How Do You Calculate External Heating and Cooling in Pinch Technology?

[cabellos2]

Im just looking through a past exam paper and I am having trouble understanding the method to solve this problem>


Q. In a process there are 4 fluid streams with properties shown

STREAM 1 - Type = Hot, Thermal Capacity = 0.2kW/K, Initial Temp = 350, Final Temp = 50
STREAM 2 - Hot, 0.4, 250, 50
STREAM 3 - Cold, 0.1, 20, 200
STREAM 4 - Cold, 0.3, 100, 300

Calculate the rate of external heating and cooling required if a heat recovery system is used with minimum allowable temperature between streams being 25K

Calculate the Pinch temperatures of the hot and cold streams.



How do I go about this? Id be very grateful if someone could run through the stages of this question. Thanks

 

[Valkarie]

.The first step is to calculate the amount of heat exchanged between the four streams. This can be done by multiplying the thermal capacity (kW/K) of each stream by the temperature difference between the initial and final temperatures. The total amount of heat exchanged will then be the sum of the heat exchanged in each stream. For example, for Stream 1: 0.2 x (350 - 50) = 60 kW After calculating the total amount of heat exchanged between all four streams, the next step is to calculate the Pinch temperatures of the hot and cold streams. This can be done by dividing the total amount of heat exchanged by the thermal capacity of the hot and cold streams respectively. For example, if the total amount of heat exchanged is 200 kW, and the thermal capacity of the hot stream is 0.4 kW/K, then the Pinch temperature of the hot stream would be 500 K (200/0.4). Once you have calculated the Pinch temperatures of the hot and cold streams, you can then calculate the rate of external heating and cooling required if a heat recovery system is used with a minimum allowable temperature between streams being 25K. This can be done by subtracting the Pinch temperature of the cold stream from the Pinch temperature of the hot stream, and then subtracting the minimum allowable temperature (25K). This will give you the rate of external heating and cooling required. For example, if the Pinch temperature of the hot stream is 500 K and the Pinch temperature of the cold stream is 200 K, then the rate of external heating and cooling required would be 275 K (500-200-25).

 

[Mene]

I would approach this problem by using the principles of Pinch Technology, which is a method used to optimize the energy usage in a process. The first step would be to plot the temperature vs. heat flow diagram for the four streams given in the problem. This will help visualize the heat transfer between the streams and identify the pinch point, which is the minimum temperature difference between the hot and cold streams.

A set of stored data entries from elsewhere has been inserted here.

(* For the impulsive system $\dot S=S(A-S)-\beta_0 IS$, $\dot I=\beta_0 IS-(\sigma+g)I$ ($t\ne nT$), $S(nT)=(1-p)S(nT^-)$, $I(nT)=I(nT^-)$, let $$\mathcal{R}_p=\frac{\beta_0}{\sigma+g}\frac1T\int_0^T\mathcal{S}(t)\,dt,\qquad \mathcal{S}(t)=\frac{A[e^{AT}(1-p)-1]}{e^{AT}(1-p)-1+pe^{A(T-t)}}\ (0\le t<T).$$ For $p\in[0,1)$ and $T>0$: (1) $\mathcal{R}_p=\mathcal{R}_0\left[\frac{\ln(1-p)}{AT}+1\right]$; (2) if $\mathcal{R}_p=1$, then the map $F_I(y)=y\exp\left\{\beta_0\int_0^T\mathcal{S}(t)\,dt\right\}e^{-(\sigma+g)T}$ has infinitely many fixed points; (3) for $T>0$ and $p>0$, $\frac{\partial\mathcal{R}_p}{\partial T}>0$ and $\frac{\partial\mathcal{R}_p}{\partial p}<0$; (4) $\lim_{T\to+\infty}\mathcal{R}_p=\mathcal{R}_0$; (5) if $p=0$ then $\mathcal{R}_p=\mathcal{R}_0$.
   Context: Parameters: $A\in(0,1]$, $\beta_0>0$, $\sigma,g\ge0$ with $\sigma+g>0$; $\mathcal{R}_0=A\beta_0/(\sigma+g)$. $F_I$ is the time-$T$ stroboscopic map of the Infectious variable along the disease-free periodic solution $\mathcal{S}$ (extended $T$-periodically). *)

theory Defs
  imports "HOL-Analysis.Analysis"
begin

text \<open>Disease-free periodic solution on one period, 0 \<le> t < T.\<close>
definition Sdf :: "real \<Rightarrow> real \<Rightarrow> real \<Rightarrow> real \<Rightarrow> real" where
  "Sdf A p T t = A * (exp (A*T) * (1 - p) - 1) / (exp (A*T) * (1 - p) - 1 + p * exp (A * (T - t)))"

definition R0 :: "real \<Rightarrow> real \<Rightarrow> real \<Rightarrow> real \<Rightarrow> real" where
  "R0 A \<beta>0 \<sigma> g = A * \<beta>0 / (\<sigma> + g)"

definition Rp :: "real \<Rightarrow> real \<Rightarrow> real \<Rightarrow> real \<Rightarrow> real \<Rightarrow> real \<Rightarrow> real" where
  "Rp A \<beta>0 \<sigma> g p T = \<beta>0 / (\<sigma> + g) * (1 / T) * integral {0..T} (Sdf A p T)"

text \<open>Stroboscopic map of the infectious variable along the disease-free solution.\<close>
definition F_I :: "real \<Rightarrow> real \<Rightarrow> real \<Rightarrow> real \<Rightarrow> real \<Rightarrow> real \<Rightarrow> real \<Rightarrow> real" where
  "F_I A \<beta>0 \<sigma> g p T y = y * exp (\<beta>0 * integral {0..T} (Sdf A p T)) * exp (- (\<sigma> + g) * T)"

end

theory Submission
  imports Defs
begin

text \<open>
  With \<open>E = exp (A T)\<close>, the denominator of the disease-free solution is
  \<open>d t = E (1 - p) - 1 + p exp (A (T - t))\<close>, and the solution equals \<open>A + (ln d)'\<close>.
  Its integral over a period is therefore \<open>A T + ln (d T / d 0) = A T + ln (1 - p)\<close>,
  which gives the closed form of \<open>Rp\<close>; monotonicity and the limit are read off from it.
  When \<open>Rp = 1\<close> the two exponentials in \<open>F_I\<close> cancel, so every \<open>y\<close> is a fixed point.
\<close>

definition Sdf_denom :: "real \<Rightarrow> real \<Rightarrow> real \<Rightarrow> real \<Rightarrow> real" where
  "Sdf_denom A p T t = exp (A*T) * (1 - p) - 1 + p * exp (A * (T - t))"

lemma Sdf_denom_at_T: "Sdf_denom A p T T = (exp (A*T) - 1) * (1 - p)"
  by (simp add: Sdf_denom_def algebra_simps)

lemma Sdf_denom_at_0: "Sdf_denom A p T 0 = exp (A*T) - 1"
  by (simp add: Sdf_denom_def algebra_simps)

lemma Sdf_denom_pos:
  fixes A p T t :: real
  assumes "0 < A" "0 \<le> p" "p < 1" "0 < T" "t \<le> T"
  shows "0 < Sdf_denom A p T t"
proof -
  have "0 < (exp (A*T) - 1) * (1 - p)"
    using assms by simp
  also have "\<dots> = Sdf_denom A p T T"
    by (simp add: Sdf_denom_at_T)
  also have "\<dots> \<le> Sdf_denom A p T t"
    using assms by (simp add: Sdf_denom_def mult_le_cancel_left1)
  finally show ?thesis .
qed

lemma Sdf_eq_denom: "Sdf A p T t = A * (exp (A*T) * (1 - p) - 1) / Sdf_denom A p T t"
  by (simp add: Sdf_def Sdf_denom_def)

lemma has_real_derivative_Sdf_antiderivative:
  fixes A p T t :: real
  assumes "0 < A" "0 \<le> p" "p < 1" "0 < T" "t \<le> T"
  shows "((\<lambda>t. A * t + ln (Sdf_denom A p T t)) has_real_derivative Sdf A p T t) (at t)"
proof -
  have d: "0 < Sdf_denom A p T t"
    using Sdf_denom_pos[OF assms] .
  have "((\<lambda>t. A * t + ln (Sdf_denom A p T t)) has_real_derivative
          A + (- (p * exp (A * (T - t)) * A)) / Sdf_denom A p T t) (at t)"
    using d by (auto intro!: derivative_eq_intros simp: Sdf_denom_def)
  also have "A + (- (p * exp (A * (T - t)) * A)) / Sdf_denom A p T t = Sdf A p T t"
    using d by (simp add: Sdf_eq_denom field_simps) (simp add: Sdf_denom_def algebra_simps)
  finally show ?thesis .
qed

lemma integral_Sdf:
  fixes A p T :: real
  assumes "0 < A" "0 \<le> p" "p < 1" "0 < T"
  shows "integral {0..T} (Sdf A p T) = A * T + ln (1 - p)"
proof -
  have "(Sdf A p T has_integral
          (A * T + ln (Sdf_denom A p T T)) - (A * 0 + ln (Sdf_denom A p T 0))) {0..T}"
    using assms has_real_derivative_Sdf_antiderivative[OF assms]
    by (intro fundamental_theorem_of_calculus)
       (auto simp: has_real_derivative_iff_has_vector_derivative[symmetric]
             intro: has_field_derivative_at_within)
  moreover have "exp (A*T) > 1"
    using assms by simp
  ultimately show ?thesis
    using assms by (simp add: integral_unique ln_mult Sdf_denom_at_T Sdf_denom_at_0)
qed

lemma Rp_closed_form:
  fixes A \<beta>0 \<sigma> g p T :: real
  assumes "0 < A" "0 \<le> p" "p < 1" "0 < T"
  shows "Rp A \<beta>0 \<sigma> g p T = R0 A \<beta>0 \<sigma> g * (ln (1 - p) / (A * T) + 1)"
proof -
  have "1 / T * (A * T + ln (1 - p)) = A * (ln (1 - p) / (A * T) + 1)"
    using assms by (simp add: field_simps)
  then show ?thesis
    unfolding Rp_def R0_def integral_Sdf[OF assms]
    by (simp only: mult.assoc times_divide_eq_left) (simp only: mult.left_commute)
qed

lemma F_I_eq_id_if_Rp_eq_1:
  assumes "Rp A \<beta>0 \<sigma> g p T = 1"
  shows "F_I A \<beta>0 \<sigma> g p T y = y"
proof -
  \<comment> \<open>No side conditions: \<open>x / 0 = 0\<close>, so \<open>Rp = 1\<close> already forces \<open>\<sigma> + g \<noteq> 0\<close> and \<open>T \<noteq> 0\<close>.\<close>
  have "\<beta>0 * integral {0..T} (Sdf A p T) = (\<sigma> + g) * T"
    using assms by (cases "\<sigma> + g = 0"; cases "T = 0") (auto simp: Rp_def field_simps)
  then show ?thesis
    by (simp add: F_I_def algebra_simps flip: exp_add)
qed

lemma R0_pos:
  assumes "0 < A" "0 < \<beta>0" "0 < \<sigma> + g"
  shows "0 < R0 A \<beta>0 \<sigma> g"
  using assms by (simp add: R0_def)

lemma Rp_has_derivative_in_T:
  fixes A \<beta>0 \<sigma> g p T :: real
  assumes "0 < A" "0 \<le> p" "p < 1" "0 < T"
  shows "((\<lambda>T. Rp A \<beta>0 \<sigma> g p T) has_real_derivative
           R0 A \<beta>0 \<sigma> g * (- ln (1 - p) / (A * T\<^sup>2))) (at T)"
proof -
  have "((\<lambda>T. R0 A \<beta>0 \<sigma> g * (ln (1 - p) / (A * T) + 1)) has_real_derivative
           R0 A \<beta>0 \<sigma> g * (- ln (1 - p) / (A * T\<^sup>2))) (at T)"
    using assms by (auto intro!: derivative_eq_intros simp: power2_eq_square field_simps)
  then show ?thesis
    by (rule has_field_derivative_transform_within_open[of _ _ _ "{0<..}"])
       (use assms in \<open>auto simp: Rp_closed_form\<close>)
qed

lemma Rp_has_derivative_in_p:
  fixes A \<beta>0 \<sigma> g p T :: real
  assumes "0 < A" "0 < p" "p < 1" "0 < T"
  shows "((\<lambda>p. Rp A \<beta>0 \<sigma> g p T) has_real_derivative
           R0 A \<beta>0 \<sigma> g * (- 1 / ((1 - p) * (A * T)))) (at p)"
proof -
  have "((\<lambda>p. R0 A \<beta>0 \<sigma> g * (ln (1 - p) / (A * T) + 1)) has_real_derivative
           R0 A \<beta>0 \<sigma> g * (- 1 / ((1 - p) * (A * T)))) (at p)"
    using assms by (auto intro!: derivative_eq_intros simp: field_simps)
  then show ?thesis
    by (rule has_field_derivative_transform_within_open[of _ _ _ "{0<..<1}"])
       (use assms in \<open>auto simp: Rp_closed_form\<close>)
qed

lemma Rp_tendsto_R0_at_top:
  fixes A \<beta>0 \<sigma> g p :: real
  assumes "0 < A" "0 \<le> p" "p < 1"
  shows "((\<lambda>T. Rp A \<beta>0 \<sigma> g p T) \<longlongrightarrow> R0 A \<beta>0 \<sigma> g) at_top"
proof -
  have "filterlim (\<lambda>T. A * T) at_top at_top"
    using assms(1) by (intro filterlim_tendsto_pos_mult_at_top[OF tendsto_const] filterlim_ident)
  then have "((\<lambda>T. ln (1 - p) / (A * T)) \<longlongrightarrow> 0) at_top"
    by (intro tendsto_divide_0[OF tendsto_const] filterlim_at_top_imp_at_infinity)
  then have "((\<lambda>T. R0 A \<beta>0 \<sigma> g * (ln (1 - p) / (A * T) + 1)) \<longlongrightarrow> R0 A \<beta>0 \<sigma> g * (0 + 1)) at_top"
    by (intro tendsto_intros)
  moreover have "eventually (\<lambda>T. R0 A \<beta>0 \<sigma> g * (ln (1 - p) / (A * T) + 1) = Rp A \<beta>0 \<sigma> g p T) at_top"
    using eventually_gt_at_top[of 0] by eventually_elim (use assms in \<open>simp add: Rp_closed_form\<close>)
  ultimately show ?thesis
    by (simp add: tendsto_cong)
qed

theorem lemma7:
  fixes A \<beta>0 \<sigma> g :: real
  assumes "0 < A" "A \<le> 1" "0 < \<beta>0" "0 \<le> \<sigma>" "0 \<le> g" "0 < \<sigma> + g"
  shows
    "(\<forall>p T. 0 \<le> p \<and> p < 1 \<and> 0 < T \<longrightarrow>
        Rp A \<beta>0 \<sigma> g p T = R0 A \<beta>0 \<sigma> g * (ln (1 - p) / (A * T) + 1))
   \<and> (\<forall>p T. 0 \<le> p \<and> p < 1 \<and> 0 < T \<and> Rp A \<beta>0 \<sigma> g p T = 1 \<longrightarrow>
        infinite {y::real. 0 \<le> y \<and> F_I A \<beta>0 \<sigma> g p T y = y})
   \<and> (\<forall>p T. 0 < p \<and> p < 1 \<and> 0 < T \<longrightarrow>
        (\<exists>D. ((\<lambda>T'. Rp A \<beta>0 \<sigma> g p T') has_real_derivative D) (at T) \<and> D > 0)
      \<and> (\<exists>D. ((\<lambda>p'. Rp A \<beta>0 \<sigma> g p' T) has_real_derivative D) (at p) \<and> D < 0))
   \<and> (\<forall>p. 0 \<le> p \<and> p < 1 \<longrightarrow>
        ((\<lambda>T. Rp A \<beta>0 \<sigma> g p T) \<longlongrightarrow> R0 A \<beta>0 \<sigma> g) at_top)
   \<and> (\<forall>T. 0 < T \<longrightarrow> Rp A \<beta>0 \<sigma> g 0 T = R0 A \<beta>0 \<sigma> g)"
proof (intro conjI allI impI)
  have R0: "0 < R0 A \<beta>0 \<sigma> g"
    using assms by (intro R0_pos) auto
  show "Rp A \<beta>0 \<sigma> g p T = R0 A \<beta>0 \<sigma> g * (ln (1 - p) / (A * T) + 1)"
    if "0 \<le> p \<and> p < 1 \<and> 0 < T" for p T
    using assms that by (simp add: Rp_closed_form)
  show "infinite {y::real. 0 \<le> y \<and> F_I A \<beta>0 \<sigma> g p T y = y}"
    if "0 \<le> p \<and> p < 1 \<and> 0 < T \<and> Rp A \<beta>0 \<sigma> g p T = 1" for p T
    using that by (simp add: F_I_eq_id_if_Rp_eq_1 atLeast_def[symmetric] infinite_Ici)
  show "\<exists>D. ((\<lambda>T'. Rp A \<beta>0 \<sigma> g p T') has_real_derivative D) (at T) \<and> D > 0"
    if "0 < p \<and> p < 1 \<and> 0 < T" for p T
    using that assms R0 Rp_has_derivative_in_T[of A p T]
    by (intro exI[of _ "R0 A \<beta>0 \<sigma> g * (- ln (1 - p) / (A * T\<^sup>2))"])
       (auto simp: mult_pos_neg divide_neg_pos)
  show "\<exists>D. ((\<lambda>p'. Rp A \<beta>0 \<sigma> g p' T) has_real_derivative D) (at p) \<and> D < 0"
    if "0 < p \<and> p < 1 \<and> 0 < T" for p T
    using that assms R0 Rp_has_derivative_in_p[of A p T]
    by (intro exI[of _ "R0 A \<beta>0 \<sigma> g * (- 1 / ((1 - p) * (A * T)))"])
       (auto intro!: mult_pos_neg)
  show "((\<lambda>T. Rp A \<beta>0 \<sigma> g p T) \<longlongrightarrow> R0 A \<beta>0 \<sigma> g) at_top" if "0 \<le> p \<and> p < 1" for p
    using assms that by (simp add: Rp_tendsto_R0_at_top)
  show "Rp A \<beta>0 \<sigma> g 0 T = R0 A \<beta>0 \<sigma> g" if "0 < T" for T
    using assms that by (simp add: Rp_closed_form)
qed

end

Next, I would calculate the minimum temperature difference between the hot and cold streams, which is given as 25K in the problem. This will help determine the pinch temperature for both the hot and cold streams.

To calculate the rate of external heating and cooling required, I would use the principles of heat transfer and energy balance equations. This will involve determining the heat transfer rate between the hot and cold streams at the pinch point, and then adjusting the heat transfer rates for the streams outside of the pinch point to meet the minimum temperature difference requirement.

Finally, I would use the calculated heat transfer rates to determine the rate of external heating and cooling required for the process.

Overall, solving this problem requires a good understanding of heat transfer principles and the application of Pinch Technology methodology. I would recommend reviewing these concepts and practicing similar problems to gain a better understanding of the process.